■ **Exercise directions**:
Both the line with "v = (\<Sum>i<dim_vec" and the line with "unfolding vnorm_def by simp" in the records below must appear in the output, along with every line between them, exactly and with nothing added.
━━━━━ Information supplied
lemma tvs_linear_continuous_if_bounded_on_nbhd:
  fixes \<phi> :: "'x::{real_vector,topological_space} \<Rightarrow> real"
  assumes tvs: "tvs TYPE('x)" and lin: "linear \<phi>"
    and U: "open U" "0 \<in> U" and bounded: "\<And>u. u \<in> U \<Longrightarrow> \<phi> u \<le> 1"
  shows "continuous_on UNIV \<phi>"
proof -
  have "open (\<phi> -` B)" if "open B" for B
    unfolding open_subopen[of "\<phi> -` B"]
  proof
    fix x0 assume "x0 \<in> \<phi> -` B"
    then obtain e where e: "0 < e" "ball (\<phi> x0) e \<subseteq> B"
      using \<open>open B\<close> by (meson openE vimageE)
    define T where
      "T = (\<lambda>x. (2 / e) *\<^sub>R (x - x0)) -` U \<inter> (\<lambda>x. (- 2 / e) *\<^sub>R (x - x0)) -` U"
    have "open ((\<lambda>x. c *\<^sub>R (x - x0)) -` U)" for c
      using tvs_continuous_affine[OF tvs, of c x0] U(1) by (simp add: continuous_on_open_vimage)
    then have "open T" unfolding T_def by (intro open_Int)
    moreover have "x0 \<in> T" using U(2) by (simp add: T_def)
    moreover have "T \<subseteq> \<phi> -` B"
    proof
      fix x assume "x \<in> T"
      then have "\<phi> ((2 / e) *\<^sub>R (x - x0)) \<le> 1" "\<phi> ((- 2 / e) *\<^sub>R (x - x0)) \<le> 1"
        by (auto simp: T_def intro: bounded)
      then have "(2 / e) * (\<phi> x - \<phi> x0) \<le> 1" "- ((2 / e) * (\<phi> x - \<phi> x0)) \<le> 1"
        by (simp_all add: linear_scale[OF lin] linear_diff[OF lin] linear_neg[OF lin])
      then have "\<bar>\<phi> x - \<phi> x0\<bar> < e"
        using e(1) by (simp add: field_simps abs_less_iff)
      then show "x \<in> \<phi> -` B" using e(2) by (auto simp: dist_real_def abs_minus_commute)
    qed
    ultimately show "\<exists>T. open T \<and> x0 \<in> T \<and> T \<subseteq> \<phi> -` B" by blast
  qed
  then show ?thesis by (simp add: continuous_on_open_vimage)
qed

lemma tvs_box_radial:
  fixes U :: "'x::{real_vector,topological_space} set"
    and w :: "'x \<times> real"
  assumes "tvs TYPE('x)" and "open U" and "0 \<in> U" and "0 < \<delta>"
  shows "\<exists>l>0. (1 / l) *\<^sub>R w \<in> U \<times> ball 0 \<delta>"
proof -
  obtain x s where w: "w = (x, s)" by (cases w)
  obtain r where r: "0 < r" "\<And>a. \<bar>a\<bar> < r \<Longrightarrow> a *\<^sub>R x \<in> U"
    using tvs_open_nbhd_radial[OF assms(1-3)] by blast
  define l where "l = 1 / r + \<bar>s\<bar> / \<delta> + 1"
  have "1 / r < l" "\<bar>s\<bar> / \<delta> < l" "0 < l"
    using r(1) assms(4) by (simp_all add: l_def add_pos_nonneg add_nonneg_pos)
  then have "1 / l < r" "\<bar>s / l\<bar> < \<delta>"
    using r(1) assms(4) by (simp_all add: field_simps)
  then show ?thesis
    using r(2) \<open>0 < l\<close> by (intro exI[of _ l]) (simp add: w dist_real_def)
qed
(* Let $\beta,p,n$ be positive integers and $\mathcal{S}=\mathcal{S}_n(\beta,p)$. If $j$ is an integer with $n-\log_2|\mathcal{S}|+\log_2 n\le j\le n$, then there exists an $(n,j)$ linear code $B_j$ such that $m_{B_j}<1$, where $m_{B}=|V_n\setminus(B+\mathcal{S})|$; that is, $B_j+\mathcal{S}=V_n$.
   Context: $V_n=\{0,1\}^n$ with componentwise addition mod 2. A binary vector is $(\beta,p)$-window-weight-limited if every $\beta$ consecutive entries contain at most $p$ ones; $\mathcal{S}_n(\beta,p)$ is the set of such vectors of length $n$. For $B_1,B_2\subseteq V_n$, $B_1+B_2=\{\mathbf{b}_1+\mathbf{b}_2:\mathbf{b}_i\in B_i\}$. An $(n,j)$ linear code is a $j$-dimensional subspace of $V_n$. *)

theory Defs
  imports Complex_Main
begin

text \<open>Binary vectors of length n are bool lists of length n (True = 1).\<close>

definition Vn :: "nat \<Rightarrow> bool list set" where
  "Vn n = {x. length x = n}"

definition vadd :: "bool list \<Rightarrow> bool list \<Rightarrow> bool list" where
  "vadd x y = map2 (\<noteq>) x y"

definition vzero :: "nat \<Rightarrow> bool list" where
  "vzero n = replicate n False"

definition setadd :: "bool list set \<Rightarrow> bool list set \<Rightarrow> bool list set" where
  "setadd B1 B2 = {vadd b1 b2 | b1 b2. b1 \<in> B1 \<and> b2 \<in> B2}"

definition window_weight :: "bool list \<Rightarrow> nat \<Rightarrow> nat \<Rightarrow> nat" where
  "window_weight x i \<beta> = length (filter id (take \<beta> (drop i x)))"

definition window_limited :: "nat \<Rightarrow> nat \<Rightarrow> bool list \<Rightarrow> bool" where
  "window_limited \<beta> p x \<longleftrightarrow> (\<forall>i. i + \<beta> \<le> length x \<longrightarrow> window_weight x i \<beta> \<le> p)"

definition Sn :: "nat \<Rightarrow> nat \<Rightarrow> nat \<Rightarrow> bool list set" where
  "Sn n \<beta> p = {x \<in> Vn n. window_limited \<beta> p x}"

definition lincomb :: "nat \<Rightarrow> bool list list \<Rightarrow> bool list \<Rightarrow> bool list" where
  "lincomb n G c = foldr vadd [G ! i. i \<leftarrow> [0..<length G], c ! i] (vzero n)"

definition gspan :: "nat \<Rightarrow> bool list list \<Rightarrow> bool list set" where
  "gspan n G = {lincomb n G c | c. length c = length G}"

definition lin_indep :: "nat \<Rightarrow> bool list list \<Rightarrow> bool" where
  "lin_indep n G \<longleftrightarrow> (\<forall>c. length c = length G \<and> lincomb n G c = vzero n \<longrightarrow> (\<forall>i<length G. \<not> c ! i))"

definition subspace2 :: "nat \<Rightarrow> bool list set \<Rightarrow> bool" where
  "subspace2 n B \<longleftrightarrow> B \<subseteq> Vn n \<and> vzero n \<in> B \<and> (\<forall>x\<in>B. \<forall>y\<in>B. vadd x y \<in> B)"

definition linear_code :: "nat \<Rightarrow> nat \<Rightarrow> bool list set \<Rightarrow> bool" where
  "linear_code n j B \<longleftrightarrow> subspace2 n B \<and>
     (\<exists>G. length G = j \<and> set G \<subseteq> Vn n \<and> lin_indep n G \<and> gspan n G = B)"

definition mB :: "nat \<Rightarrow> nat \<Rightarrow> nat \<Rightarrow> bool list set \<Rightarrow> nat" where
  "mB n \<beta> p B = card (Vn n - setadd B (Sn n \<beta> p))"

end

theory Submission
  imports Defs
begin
━━━━━━━━━━
━━━━━ Information supplied
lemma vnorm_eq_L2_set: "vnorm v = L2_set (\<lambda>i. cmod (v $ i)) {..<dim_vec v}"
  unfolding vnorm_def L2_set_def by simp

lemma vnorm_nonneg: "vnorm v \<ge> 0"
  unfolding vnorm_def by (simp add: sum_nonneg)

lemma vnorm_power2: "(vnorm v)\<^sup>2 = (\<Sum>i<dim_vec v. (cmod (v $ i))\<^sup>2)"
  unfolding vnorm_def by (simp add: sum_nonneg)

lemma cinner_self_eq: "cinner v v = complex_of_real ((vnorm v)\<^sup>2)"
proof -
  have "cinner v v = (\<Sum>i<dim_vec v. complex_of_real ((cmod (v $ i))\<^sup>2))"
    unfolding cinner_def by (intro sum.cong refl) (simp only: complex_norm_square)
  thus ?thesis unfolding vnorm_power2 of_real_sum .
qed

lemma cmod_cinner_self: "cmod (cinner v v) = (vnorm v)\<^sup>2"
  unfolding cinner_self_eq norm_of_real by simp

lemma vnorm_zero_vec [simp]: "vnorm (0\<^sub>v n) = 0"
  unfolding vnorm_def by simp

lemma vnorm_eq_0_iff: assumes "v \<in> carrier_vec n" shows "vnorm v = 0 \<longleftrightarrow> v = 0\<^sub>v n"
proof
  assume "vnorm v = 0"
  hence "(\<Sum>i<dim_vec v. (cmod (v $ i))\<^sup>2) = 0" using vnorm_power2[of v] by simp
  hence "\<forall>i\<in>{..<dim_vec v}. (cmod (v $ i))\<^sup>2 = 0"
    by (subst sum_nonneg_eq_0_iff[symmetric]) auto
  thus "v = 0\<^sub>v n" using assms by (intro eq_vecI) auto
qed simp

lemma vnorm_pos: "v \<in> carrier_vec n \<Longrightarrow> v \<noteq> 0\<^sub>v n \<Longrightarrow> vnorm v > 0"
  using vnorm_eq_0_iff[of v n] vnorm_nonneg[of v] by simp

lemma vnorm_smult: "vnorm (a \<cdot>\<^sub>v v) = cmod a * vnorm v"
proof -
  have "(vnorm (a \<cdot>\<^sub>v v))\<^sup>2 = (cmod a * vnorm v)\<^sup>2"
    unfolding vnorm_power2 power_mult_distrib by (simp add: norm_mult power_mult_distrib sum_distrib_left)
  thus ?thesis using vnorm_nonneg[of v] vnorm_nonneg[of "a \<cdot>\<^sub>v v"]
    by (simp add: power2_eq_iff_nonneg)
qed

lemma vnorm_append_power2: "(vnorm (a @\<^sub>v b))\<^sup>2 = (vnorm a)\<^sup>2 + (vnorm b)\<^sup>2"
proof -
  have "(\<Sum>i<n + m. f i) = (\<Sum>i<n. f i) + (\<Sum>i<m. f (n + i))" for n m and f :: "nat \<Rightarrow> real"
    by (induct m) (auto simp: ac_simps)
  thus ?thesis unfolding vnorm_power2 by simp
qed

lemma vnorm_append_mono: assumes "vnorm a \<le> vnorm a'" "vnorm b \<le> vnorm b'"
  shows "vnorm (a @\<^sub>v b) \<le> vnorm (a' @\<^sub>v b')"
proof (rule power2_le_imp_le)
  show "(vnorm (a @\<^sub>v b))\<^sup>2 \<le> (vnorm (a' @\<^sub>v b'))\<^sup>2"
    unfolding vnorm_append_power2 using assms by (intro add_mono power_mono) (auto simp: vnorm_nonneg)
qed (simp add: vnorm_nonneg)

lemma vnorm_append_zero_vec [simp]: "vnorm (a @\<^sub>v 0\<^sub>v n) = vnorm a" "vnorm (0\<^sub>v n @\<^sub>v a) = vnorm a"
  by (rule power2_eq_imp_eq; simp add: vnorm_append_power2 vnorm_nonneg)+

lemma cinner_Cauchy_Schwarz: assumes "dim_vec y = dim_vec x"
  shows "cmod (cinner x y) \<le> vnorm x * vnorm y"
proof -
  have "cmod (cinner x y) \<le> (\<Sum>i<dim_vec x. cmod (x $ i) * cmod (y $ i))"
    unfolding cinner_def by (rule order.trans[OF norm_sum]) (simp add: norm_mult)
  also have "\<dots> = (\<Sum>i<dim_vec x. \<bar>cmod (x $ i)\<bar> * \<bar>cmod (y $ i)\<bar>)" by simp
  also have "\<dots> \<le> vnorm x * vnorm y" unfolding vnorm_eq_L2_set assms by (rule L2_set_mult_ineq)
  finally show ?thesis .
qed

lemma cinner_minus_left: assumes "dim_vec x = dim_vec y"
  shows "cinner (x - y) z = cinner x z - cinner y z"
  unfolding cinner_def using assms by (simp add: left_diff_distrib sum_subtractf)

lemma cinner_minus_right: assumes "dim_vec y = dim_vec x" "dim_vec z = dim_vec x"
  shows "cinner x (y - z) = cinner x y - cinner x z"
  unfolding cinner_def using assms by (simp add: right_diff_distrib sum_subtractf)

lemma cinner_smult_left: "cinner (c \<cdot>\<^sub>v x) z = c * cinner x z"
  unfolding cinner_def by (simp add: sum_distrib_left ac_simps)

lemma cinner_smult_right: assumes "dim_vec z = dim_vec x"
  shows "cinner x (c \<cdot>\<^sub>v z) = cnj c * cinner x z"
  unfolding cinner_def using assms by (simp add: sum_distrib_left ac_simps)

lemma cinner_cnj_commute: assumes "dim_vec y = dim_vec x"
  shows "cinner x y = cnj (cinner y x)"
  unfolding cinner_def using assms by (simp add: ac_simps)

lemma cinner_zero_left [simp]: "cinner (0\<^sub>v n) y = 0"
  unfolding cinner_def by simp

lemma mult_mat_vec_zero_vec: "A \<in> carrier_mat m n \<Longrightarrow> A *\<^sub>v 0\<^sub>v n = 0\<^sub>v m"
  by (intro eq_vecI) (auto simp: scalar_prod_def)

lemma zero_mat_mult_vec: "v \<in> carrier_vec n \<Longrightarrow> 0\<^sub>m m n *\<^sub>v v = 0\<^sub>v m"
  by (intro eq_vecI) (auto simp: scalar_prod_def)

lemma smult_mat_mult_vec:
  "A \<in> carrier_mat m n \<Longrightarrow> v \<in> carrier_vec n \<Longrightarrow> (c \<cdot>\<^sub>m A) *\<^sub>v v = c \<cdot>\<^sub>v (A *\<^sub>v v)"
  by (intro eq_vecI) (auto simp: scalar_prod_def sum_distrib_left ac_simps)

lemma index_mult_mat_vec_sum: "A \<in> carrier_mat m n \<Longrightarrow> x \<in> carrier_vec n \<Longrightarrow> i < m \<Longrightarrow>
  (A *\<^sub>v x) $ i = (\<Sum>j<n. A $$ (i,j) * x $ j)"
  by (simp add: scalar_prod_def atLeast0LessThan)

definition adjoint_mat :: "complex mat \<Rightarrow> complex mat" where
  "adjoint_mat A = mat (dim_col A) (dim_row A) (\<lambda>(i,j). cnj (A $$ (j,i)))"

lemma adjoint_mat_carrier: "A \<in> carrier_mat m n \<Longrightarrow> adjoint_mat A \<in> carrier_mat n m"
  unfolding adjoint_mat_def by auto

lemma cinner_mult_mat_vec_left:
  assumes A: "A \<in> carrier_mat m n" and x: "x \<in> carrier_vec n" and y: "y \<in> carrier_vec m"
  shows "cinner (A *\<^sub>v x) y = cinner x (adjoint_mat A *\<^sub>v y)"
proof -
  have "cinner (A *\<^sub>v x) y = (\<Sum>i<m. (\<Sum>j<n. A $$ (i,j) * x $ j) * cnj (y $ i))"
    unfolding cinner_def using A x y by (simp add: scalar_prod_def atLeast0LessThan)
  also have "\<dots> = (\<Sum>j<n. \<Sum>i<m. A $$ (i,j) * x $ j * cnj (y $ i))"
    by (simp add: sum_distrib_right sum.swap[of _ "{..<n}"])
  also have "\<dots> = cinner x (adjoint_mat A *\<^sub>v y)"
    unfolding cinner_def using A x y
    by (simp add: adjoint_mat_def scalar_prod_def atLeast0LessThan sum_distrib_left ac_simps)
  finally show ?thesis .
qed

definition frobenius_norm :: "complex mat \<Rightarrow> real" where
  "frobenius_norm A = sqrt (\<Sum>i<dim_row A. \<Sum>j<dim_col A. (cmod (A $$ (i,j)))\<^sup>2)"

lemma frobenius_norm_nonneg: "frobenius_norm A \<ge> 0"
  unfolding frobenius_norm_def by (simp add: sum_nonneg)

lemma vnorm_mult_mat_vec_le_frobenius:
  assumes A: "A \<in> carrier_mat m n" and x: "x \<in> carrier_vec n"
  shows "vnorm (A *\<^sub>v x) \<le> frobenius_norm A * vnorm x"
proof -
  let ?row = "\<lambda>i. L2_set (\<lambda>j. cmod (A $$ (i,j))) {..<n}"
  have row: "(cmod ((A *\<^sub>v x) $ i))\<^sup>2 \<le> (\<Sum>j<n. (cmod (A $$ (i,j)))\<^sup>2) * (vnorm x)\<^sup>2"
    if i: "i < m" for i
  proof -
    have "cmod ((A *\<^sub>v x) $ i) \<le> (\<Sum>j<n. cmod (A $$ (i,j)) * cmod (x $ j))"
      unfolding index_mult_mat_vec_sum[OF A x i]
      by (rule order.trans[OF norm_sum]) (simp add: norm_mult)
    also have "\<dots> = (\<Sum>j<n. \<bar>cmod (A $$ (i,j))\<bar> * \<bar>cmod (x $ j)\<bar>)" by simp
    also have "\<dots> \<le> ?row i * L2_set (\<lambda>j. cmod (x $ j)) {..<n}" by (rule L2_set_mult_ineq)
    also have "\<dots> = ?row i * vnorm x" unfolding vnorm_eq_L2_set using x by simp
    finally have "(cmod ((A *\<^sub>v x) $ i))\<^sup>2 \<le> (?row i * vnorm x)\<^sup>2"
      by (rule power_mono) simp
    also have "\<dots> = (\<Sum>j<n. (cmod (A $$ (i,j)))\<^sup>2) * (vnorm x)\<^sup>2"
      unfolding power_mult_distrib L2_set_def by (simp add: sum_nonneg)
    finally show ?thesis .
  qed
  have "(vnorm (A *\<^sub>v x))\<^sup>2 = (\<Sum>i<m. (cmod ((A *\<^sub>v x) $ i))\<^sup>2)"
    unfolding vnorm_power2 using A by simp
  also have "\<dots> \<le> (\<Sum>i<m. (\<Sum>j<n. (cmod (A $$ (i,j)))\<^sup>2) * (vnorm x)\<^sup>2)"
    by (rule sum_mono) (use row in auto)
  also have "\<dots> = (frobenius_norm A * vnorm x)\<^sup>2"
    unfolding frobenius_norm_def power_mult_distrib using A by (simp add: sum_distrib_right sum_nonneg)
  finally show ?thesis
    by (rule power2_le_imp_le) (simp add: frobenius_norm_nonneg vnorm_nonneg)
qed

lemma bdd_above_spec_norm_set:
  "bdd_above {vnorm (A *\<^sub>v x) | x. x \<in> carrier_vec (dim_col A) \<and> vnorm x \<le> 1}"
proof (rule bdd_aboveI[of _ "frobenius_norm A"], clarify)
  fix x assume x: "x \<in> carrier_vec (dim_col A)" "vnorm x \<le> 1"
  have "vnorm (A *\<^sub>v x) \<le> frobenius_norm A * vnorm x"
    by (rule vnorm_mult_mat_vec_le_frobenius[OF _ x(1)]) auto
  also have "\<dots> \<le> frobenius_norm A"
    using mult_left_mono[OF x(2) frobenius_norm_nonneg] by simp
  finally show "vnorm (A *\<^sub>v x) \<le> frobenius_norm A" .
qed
━━━━━━━━━━
■ **Solution to this task**:
  have "cinner v v = (\<Sum>i<dim_vec v. complex_of_real ((cmod (v $ i))\<^sup>2))"
    unfolding cinner_def by (intro sum.cong refl) (simp only: complex_norm_square)
  thus ?thesis unfolding vnorm_power2 of_real_sum .
qed

lemma cmod_cinner_self: "cmod (cinner v v) = (vnorm v)\<^sup>2"
  unfolding cinner_self_eq norm_of_real by simp

lemma vnorm_zero_vec [simp]: "vnorm (0\<^sub>v n) = 0"
  unfolding vnorm_def by simp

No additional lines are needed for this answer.